Cllr Mike Pollard is the ‘Shadow Executive’ Member for Finance and Projects on Bradford Council.
I wrote previously for this site:
“I’m not a trained accountant, but I can read and I can count!”
I added:
“As the finance nerd for the Conservative Group on Bradford Council, I have been stressing for some time that the Labour Council has been making huge errors of judgement on the financial front.”
The fact that budgeting for a staff pay rise of four per cent, when as an employer represented on the National Joint Committee which had already offered 6.42 per cent, some £6 million more per annum above the budget set, is a relatively small potato in the scheme of the Bradford Council budgeting comedy, provides an indication of the scale of the complete fictions that have replaced established facts when Bradford’s Labour Council, sets a budget doomed for disaster from day one.
Bradford Council’s financial problems have not hoved into view overnight, the council has had several years to learn from mistakes that a trainee accounting technician could spot. Sadly, I jest not.
Whilst I could list many more historical examples, I am weary of detailing every utterly ridiculous, baseless budget forecast that the council has made in the last few years. I’ve pointed them out to the Labour Group and council officers time and time again and further to the latest meeting of the Executive Committee of Bradford Council, it is now clear to me that this was to no avail, as the learning curve of some of the key decision makers at Bradford MDC is a flatline.
After casting a cursory glance at the projections for the costs of agency staff for the new Children & Families Trust and external residential placements for children in care for 2023/24, I easily identified nearly £35 million of the council’s projected overspend which was wholly foreseeable to me, this despite the aforementioned absence of any accountancy training or qualifications. It is impossible for most people competent in mathematics to even GCSE level and again I exaggerate not, to see the facts. Unless they are deliberately turning a blind eye, that is.
For example, the council’s ‘Contract Model’ for budgeting for the new trust identified a total of 305 agency staff in Children’s Social Care the day before the Trust went ‘live’ on 1 April, at which point the viability of the budget promptly collapsed, as the actual number of such staff was 395 on ‘day one. The annual financial difference between the dreamt-up number of agency workers and the actual, would be a massive £9.5 milion. As the council’s staffing projections have varied from realism yet further, the actual overspend is likely to be somewhere between £15 million and £18 million over the full year.
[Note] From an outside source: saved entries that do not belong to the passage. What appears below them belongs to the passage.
text \<open>
  The arctangent numbers satisfy \<open>A (m+1) (k+1) = A m k - m (m-1) A (m-1) (k+1)\<close>: differentiate
  \<open>(1 + x\<^sup>2) d/dx (arctan x)\<^bsup>k+1\<^esup>/(k+1)! = (arctan x)\<^bsup>k\<^esup>/k!\<close> \<open>m\<close> times at 0 by the
  Leibniz rule. Since \<open>P\<^sub>k = (1 + x\<^sup>2) P\<^sub>k\<^sub>-\<^sub>1'\<close>, the same recurrence shows by induction on \<open>m\<close> that
  \<open>\<Sum>k=1..m. A m k P\<^sub>k\<^sub>-\<^sub>1(t) = (m-1)! (t\<^sup>m - c\<^sub>m)\<close> with \<open>c\<^sub>m = (-1)\<^bsup>m/2\<^esup>\<close> for even \<open>m\<close> and
  \<open>c\<^sub>m = 0\<close> for odd \<open>m\<close>. Substituting \<open>t = cot \<theta>\<^sub>i\<close>, \<open>\<theta>\<^sub>i = (\<alpha> + i\<pi>)/n\<close>, it remains to show
  \<open>\<Sum>i<n. P\<^sub>j(cot \<theta>\<^sub>i) = n\<^bsup>j+1\<^esup> P\<^sub>j(cot \<alpha>)\<close>. For \<open>j = 0\<close> write \<open>cot \<theta> = \<i> (1 - 2/(1 - e\<^bsup>2\<i>\<theta>\<^esup>))\<close>:
  the numbers \<open>e\<^bsup>2\<i>\<theta>\<^sub>i\<^esup>\<close> are \<open>w \<zeta>\<^sup>i\<close> for a primitive \<open>n\<close>-th root of unity \<open>\<zeta>\<close>, and the sum is
  evaluated by expanding into geometric series. As \<open>d/dx P\<^sub>j(cot x) = - P\<^sub>j\<^sub>+\<^sub>1(cot x)\<close>,
  the general case follows by differentiating in \<open>\<alpha>\<close>.
\<close>

section \<open>Higher derivatives of real functions\<close>

fun differentiable_upto :: "nat \<Rightarrow> (real \<Rightarrow> real) \<Rightarrow> bool" where
  "differentiable_upto 0 f \<longleftrightarrow> True"
| "differentiable_upto (Suc n) f \<longleftrightarrow> (\<forall>x. DERIV f x :> deriv f x) \<and> differentiable_upto n (deriv f)"

definition smooth :: "(real \<Rightarrow> real) \<Rightarrow> bool" where
  "smooth f \<longleftrightarrow> (\<forall>n. differentiable_upto n f)"

lemma deriv_eqI: "(\<And>x. DERIV f x :> f' x) \<Longrightarrow> deriv f = f'"
  by (rule ext) (simp add: DERIV_imp_deriv)

lemma deriv_poly_eq_pderiv: "deriv (poly p) = poly (pderiv p)"
  by (intro deriv_eqI) (rule poly_DERIV)

lemma higher_deriv_poly: "(deriv ^^ i) (poly p) = poly ((pderiv ^^ i) p)"
  by (induction i) (simp_all add: deriv_poly_eq_pderiv)

lemma higher_deriv_poly_at_0: "(deriv ^^ i) (poly p) 0 = fact i * coeff p i"
  by (simp add: higher_deriv_poly poly_0_coeff_0 coeff_higher_pderiv pochhammer_fact)

lemma differentiable_upto_SucD: "differentiable_upto (Suc n) f \<Longrightarrow> differentiable_upto n f"
  by (induction n arbitrary: f) auto

lemma differentiable_upto_DERIV_higher:
  "differentiable_upto n f \<Longrightarrow> j < n \<Longrightarrow> DERIV ((deriv ^^ j) f) x :> (deriv ^^ Suc j) f x"
proof (induction n arbitrary: f j)
  case (Suc n)
  then show ?case
    by (cases j) (auto simp del: funpow.simps simp: funpow_Suc_right)
qed simp

lemma differentiable_upto_add:
  "differentiable_upto n f \<Longrightarrow> differentiable_upto n g \<Longrightarrow> differentiable_upto n (\<lambda>x. f x + g x)"
proof (induction n arbitrary: f g)
  case (Suc n)
  have "deriv (\<lambda>x. f x + g x) = (\<lambda>x. deriv f x + deriv g x)"
    using Suc.prems by (intro deriv_eqI) (auto intro!: derivative_eq_intros)
  with Suc show ?case by (auto intro!: derivative_eq_intros)
qed simp

lemma differentiable_upto_mult:
  "differentiable_upto n f \<Longrightarrow> differentiable_upto n g \<Longrightarrow> differentiable_upto n (\<lambda>x. f x * g x)"
proof (induction n arbitrary: f g)
  case (Suc n)
  have "deriv (\<lambda>x. f x * g x) = (\<lambda>x. deriv f x * g x + f x * deriv g x)"
    using Suc.prems by (intro deriv_eqI) (auto intro!: derivative_eq_intros)
  moreover have "differentiable_upto n (\<lambda>x. deriv f x * g x + f x * deriv g x)"
    using Suc differentiable_upto_SucD[of n f] differentiable_upto_SucD[of n g]
    by (intro differentiable_upto_add Suc.IH) auto
  ultimately show ?case using Suc.prems by (auto intro!: derivative_eq_intros)
qed simp

lemma differentiable_upto_poly: "differentiable_upto n (poly p)"
  by (induction n arbitrary: p) (simp_all add: deriv_poly_eq_pderiv)

lemma differentiable_upto_const: "differentiable_upto n (\<lambda>x. c)"
proof -
  have "poly [:c:] = (\<lambda>x. c)" by auto
  then show ?thesis using differentiable_upto_poly[of n "[:c:]"] by simp
qed

lemma differentiable_upto_inverse:
  assumes "smooth h" "\<And>x. h x \<noteq> 0"
  shows "differentiable_upto n (\<lambda>x. inverse (h x))"
proof (induction n)
  case (Suc n)
  have h': "DERIV h x :> deriv h x" for x
    using assms(1) unfolding smooth_def by (metis differentiable_upto.simps(2))
  have D: "DERIV (\<lambda>x. inverse (h x)) x :> (- 1) * deriv h x * (inverse (h x) * inverse (h x))" for x
    using h' assms(2) by (auto intro!: derivative_eq_intros simp: power2_eq_square)
  moreover have "differentiable_upto n (\<lambda>x. (- 1) * deriv h x * (inverse (h x) * inverse (h x)))"
    using assms(1) Suc.IH unfolding smooth_def
    by (intro differentiable_upto_mult differentiable_upto_const) (metis differentiable_upto.simps(2))+
  ultimately show ?case by (simp only: differentiable_upto.simps deriv_eqI[OF D]) blast
qed simp

lemma sum_binomial_convolution_Suc:
  fixes a b :: "nat \<Rightarrow> 'a::comm_semiring_1"
  shows "(\<Sum>i\<le>Suc n. of_nat (Suc n choose i) * a i * b (Suc n - i))
       = (\<Sum>i\<le>n. of_nat (n choose i) * (a (Suc i) * b (n - i) + a i * b (Suc n - i)))"
proof -
  have "(\<Sum>i\<le>n. of_nat (n choose i) * a i * b (Suc n - i))
      = (\<Sum>i\<le>Suc n. of_nat (n choose i) * a i * b (Suc n - i))"
    by (simp add: binomial_eq_0)
  also have "\<dots> = a 0 * b (Suc n) + (\<Sum>i\<le>n. of_nat (n choose Suc i) * a (Suc i) * b (n - i))"
    by (subst sum.atMost_Suc_shift) simp
  finally have shifted: "(\<Sum>i\<le>n. of_nat (n choose i) * a i * b (Suc n - i))
      = a 0 * b (Suc n) + (\<Sum>i\<le>n. of_nat (n choose Suc i) * a (Suc i) * b (n - i))" .
  have "(\<Sum>i\<le>Suc n. of_nat (Suc n choose i) * a i * b (Suc n - i))
      = a 0 * b (Suc n) + (\<Sum>i\<le>n. of_nat (Suc n choose Suc i) * a (Suc i) * b (n - i))"
    by (subst sum.atMost_Suc_shift) simp
  also have "\<dots> = a 0 * b (Suc n) + (\<Sum>i\<le>n. of_nat (n choose i) * a (Suc i) * b (n - i))
      + (\<Sum>i\<le>n. of_nat (n choose Suc i) * a (Suc i) * b (n - i))"
    by (simp add: sum.distrib distrib_right add.assoc)
  also have "\<dots> = (\<Sum>i\<le>n. of_nat (n choose i) * a (Suc i) * b (n - i))
      + (\<Sum>i\<le>n. of_nat (n choose i) * a i * b (Suc n - i))"
    by (simp only: shifted add_ac)
  finally show ?thesis by (simp add: sum.distrib distrib_left mult.assoc)
qed

lemma higher_deriv_mult_real:
  assumes "differentiable_upto n f" "differentiable_upto n g"
  shows "(deriv ^^ n) (\<lambda>x. f x * g x)
       = (\<lambda>x. \<Sum>i\<le>n. of_nat (n choose i) * (deriv ^^ i) f x * (deriv ^^ (n - i)) g x)"
  using assms
proof (induction n)
  case (Suc n)
  have Df: "DERIV ((deriv ^^ i) f) x :> (deriv ^^ Suc i) f x" if "i \<le> n" for i x
    using differentiable_upto_DERIV_higher[OF Suc.prems(1), of i] that by simp
  have Dg: "DERIV ((deriv ^^ (n - i)) g) x :> (deriv ^^ (Suc n - i)) g x" if "i \<le> n" for i x
    using differentiable_upto_DERIV_higher[OF Suc.prems(2), of "n - i"] that
    by (simp add: Suc_diff_le)
  have IH: "(deriv ^^ n) (\<lambda>x. f x * g x)
      = (\<lambda>x. \<Sum>i\<le>n. of_nat (n choose i) * (deriv ^^ i) f x * (deriv ^^ (n - i)) g x)"
    using Suc differentiable_upto_SucD by blast
  have D: "DERIV (\<lambda>x. \<Sum>i\<le>n. of_nat (n choose i) * (deriv ^^ i) f x * (deriv ^^ (n - i)) g x) x
     :> (\<Sum>i\<le>n. of_nat (n choose i) * ((deriv ^^ Suc i) f x * (deriv ^^ (n - i)) g x
                                     + (deriv ^^ i) f x * (deriv ^^ (Suc n - i)) g x))" for x
    by (rule DERIV_sum) (auto intro!: derivative_eq_intros Df Dg simp: algebra_simps)
  have "(deriv ^^ Suc n) (\<lambda>x. f x * g x)
      = deriv (\<lambda>x. \<Sum>i\<le>n. of_nat (n choose i) * (deriv ^^ i) f x * (deriv ^^ (n - i)) g x)"
    by (simp add: IH)
  also have "\<dots> = (\<lambda>x. \<Sum>i\<le>n. of_nat (n choose i) * ((deriv ^^ Suc i) f x * (deriv ^^ (n - i)) g x
                                     + (deriv ^^ i) f x * (deriv ^^ (Suc n - i)) g x))"
    by (rule deriv_eqI) (rule D)
  also have "\<dots> = (\<lambda>x. \<Sum>i\<le>Suc n. of_nat (Suc n choose i) * (deriv ^^ i) f x * (deriv ^^ (Suc n - i)) g x)"
    by (intro ext sum_binomial_convolution_Suc
        [where a = "\<lambda>i. (deriv ^^ i) f _" and b = "\<lambda>i. (deriv ^^ i) g _", symmetric])
  finally show ?case .
qed simp

lemma smooth_deriv: "smooth f \<Longrightarrow> smooth (deriv f)"
  unfolding smooth_def by (metis differentiable_upto.simps(2))

lemma smooth_mult: "smooth f \<Longrightarrow> smooth g \<Longrightarrow> smooth (\<lambda>x. f x * g x)"
  unfolding smooth_def by (blast intro: differentiable_upto_mult)

lemma smooth_const: "smooth (\<lambda>x. c)"
  unfolding smooth_def by (blast intro: differentiable_upto_const)

lemma smooth_poly: "smooth (poly p)"
  unfolding smooth_def by (blast intro: differentiable_upto_poly)

lemma smooth_inverse: "smooth h \<Longrightarrow> (\<And>x. h x \<noteq> 0) \<Longrightarrow> smooth (\<lambda>x. inverse (h x))"
  unfolding smooth_def by (blast intro: differentiable_upto_inverse[unfolded smooth_def])

section \<open>Arctangent numbers\<close>

lemma one_plus_square_eq_poly: "1 + x\<^sup>2 = poly [:1, 0, 1:] (x::real)"
  by (simp add: power2_eq_square)

lemma smooth_arctan: "smooth arctan"
proof -
  have deriv_arctan: "deriv arctan = (\<lambda>x. inverse (poly [:1, 0, 1:] x))"
    by (intro deriv_eqI) (metis DERIV_arctan one_plus_square_eq_poly)
  have "smooth (\<lambda>x. inverse (poly [:1, 0, 1:] x))"
    by (intro smooth_inverse smooth_poly) (smt (verit) one_plus_square_eq_poly zero_le_power2)
  moreover have "DERIV arctan x :> deriv arctan x" for x
    unfolding deriv_arctan by (metis DERIV_arctan one_plus_square_eq_poly)
  ultimately have "differentiable_upto (Suc n) arctan" for n
    unfolding smooth_def deriv_arctan [symmetric] by simp
  then show ?thesis
    unfolding smooth_def using differentiable_upto_SucD by blast
qed

lemma smooth_arctan_power: "smooth (\<lambda>x. arctan x ^ k / fact k)"
proof -
  have "smooth (\<lambda>x. arctan x ^ k)"
  proof (induction k)
    case (Suc k)
    then show ?case using smooth_mult[OF smooth_arctan Suc.IH] by simp
  qed (simp add: smooth_const)
  then show ?thesis
    using smooth_mult[OF _ smooth_const, of "\<lambda>x. arctan x ^ k" "1 / fact k"] by simp
qed

lemma DERIV_arctan_power_div_fact:
  "DERIV (\<lambda>x. arctan x ^ Suc k / fact (Suc k)) x :> arctan x ^ k / fact k / (1 + x\<^sup>2)"
proof -
  have "1 + x\<^sup>2 \<noteq> 0"
    by (smt (verit) zero_le_power2)
  then have "real (Suc k) * arctan x ^ k * inverse (1 + x\<^sup>2) / fact (Suc k)
      = arctan x ^ k / fact k / (1 + x\<^sup>2)"
    by (simp add: fact_Suc divide_inverse del: of_nat_Suc)
  moreover have "DERIV (\<lambda>x. arctan x ^ Suc k / fact (Suc k)) x
      :> real (Suc k) * arctan x ^ k * inverse (1 + x\<^sup>2) / fact (Suc k)"
    using DERIV_cdivide [OF DERIV_chain2 [OF DERIV_pow DERIV_arctan, of "Suc k" x], of "fact (Suc k)"]
    by simp
  ultimately show ?thesis by simp
qed

lemma real_choose_two: "real (m choose 2) * 2 = real m * (real m - 1)"
  by (induction m) (auto simp: numeral_2_eq_2 algebra_simps)

lemma arctan_number_Suc_Suc:
  "arctan_number (Suc m) (Suc k)
     = arctan_number m k - real m * (real m - 1) * arctan_number (m - 1) (Suc k)"
proof -
  \<comment> \<open>Differentiate \<open>(1 + x\<^sup>2) * f' x = arctan x ^ k / fact k\<close> \<open>m\<close> times at \<open>0\<close>;
    of the derivatives of \<open>1 + x\<^sup>2\<close> only the 0th and the 2nd survive there.\<close>
  define f where "f x = arctan x ^ Suc k / fact (Suc k)" for x
  define D where "D j = (deriv ^^ j) (deriv f) 0" for j
  have deriv_f: "deriv f = (\<lambda>x. arctan x ^ k / fact k / (1 + x\<^sup>2))"
    unfolding f_def by (intro deriv_eqI DERIV_arctan_power_div_fact)
  have "arctan x ^ k / fact k = poly [:1, 0, 1:] x * deriv f x" for x
  proof -
    have "1 + x\<^sup>2 \<noteq> 0"
      by (smt (verit) zero_le_power2)
    then show ?thesis
      unfolding deriv_f one_plus_square_eq_poly [symmetric] by simp
  qed
  then have "arctan_number m k = (deriv ^^ m) (\<lambda>x. poly [:1, 0, 1:] x * deriv f x) 0"
    by (simp add: arctan_number_def)
  also have "\<dots> = (\<Sum>i\<le>m. real (m choose i) * (fact i * coeff [:1, 0, 1:] i) * D (m - i))"
  proof -
    have "smooth (deriv f)"
      unfolding f_def by (intro smooth_deriv smooth_arctan_power)
    then have "differentiable_upto m (deriv f)"
      unfolding smooth_def by blast
    then show ?thesis
      by (simp only: higher_deriv_mult_real [OF differentiable_upto_poly])
        (simp add: D_def higher_deriv_poly_at_0)
  qed
  also have "\<dots> = (\<Sum>i\<le>m. (if i = 0 then D m else 0)
                      + (if i = 2 then real m * (real m - 1) * D (m - 2) else 0))"
  proof (rule sum.cong [OF refl])
    fix i :: nat
    consider "i = 0" | "i = 1" | "i = 2" | "i > 2" by linarith
    then show "real (m choose i) * (fact i * coeff [:1, 0, 1:] i) * D (m - i)
        = (if i = 0 then D m else 0) + (if i = 2 then real m * (real m - 1) * D (m - 2) else 0)"
    proof cases
      case 3
      then show ?thesis by (simp add: numeral_2_eq_2 real_choose_two [symmetric])
    next
      case 4
      then have "coeff [:1, 0, 1:] i = (0::real)"
        by (intro coeff_eq_0) simp
      with 4 show ?thesis by simp
    qed simp_all
  qed
  also have "\<dots> = D m + real m * (real m - 1) * D (m - 2)"
    by (simp add: sum.distrib) arith
  also have "D m = arctan_number (Suc m) (Suc k)"
    unfolding D_def f_def arctan_number_def by (simp add: funpow_Suc_right del: funpow.simps)
  also have "real m * (real m - 1) * D (m - 2) = real m * (real m - 1) * arctan_number (m - 1) (Suc k)"
  proof (cases "m \<ge> 2")
    case True
    then have "m - 1 = Suc (m - 2)" by simp
    then show ?thesis
      unfolding D_def f_def arctan_number_def by (simp add: funpow_Suc_right del: funpow.simps)
  qed auto
  finally show ?thesis by simp
qed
As the obscenely inflated costs of providing residential care outside the Bradford District is now, on average, just a whisker under £6000 a week or £312,000 per child or young person per annum, one might think it imperative to estimate accurately, how many such children the council is likely to need to care for during the financial year. Seemingly not so in Bradford.
The modelled assumption, within the Council’s chosen budget projection methodology, of an annualised average of 145 such children, is more than 50 short of current reality, a reality that isn’t something that can be put into the random ‘stuff happens’ category of Local Authority bus crash economics, but rather one that hides in plain sight, with the most cursory glance at recent trends in this area of spending. 50+ children at an average of £312,000 each, results in another realistically predictable £15+ million overspend.
All of this seems to be due to the Labour Council deliberately using a Contract Funding Model based on a theoretical academic model, rather than known reality. I am mystified as to how and why anyone would think that a budget based upon an academic theory was more likely to be accurate than one based on actual fact and the application of common sense.
My attempt to get some clarity as to which of the parties involved with setting up the Trust was responsible for the woeful modelling, i.e Council, Trust, or perhaps some myopic Department for Education civil servant, was greeted with the standard, sterile, ‘autopilot’ response from the Leader of Council about a ‘national problem’ which most certainly exists (I would indeed urge Government to do something about capping the outrageous cost of residential care placements sourced in the private sector), but her standard response leads me inevitably to conclude Council must carry the can on this one.
I have said it before and I now say it again, the Labour council (and now also Imran Hussain, the Labour MP) are trying to hide the catastrophic damage that illogical, delusional, utterly inexplicable decisions voted through by Labour politicians have helped to put Bradford Council into a position where a balanced Budget for the next financial year (2024/25) will be impossible to construct, without formal ‘capitalisation’ intervention. This will have currently unknowable implications for Council Taxpayers.
Obfuscation about realistic Children and Families Trust budgeting, has merely put off the evil day about recognising that the Council is operationally bankrupt, that is likely to result in unpleasantly necessary decisions being more rushed and less well considered than might have been the case if realities had been accepted earlier. Quelle surprise.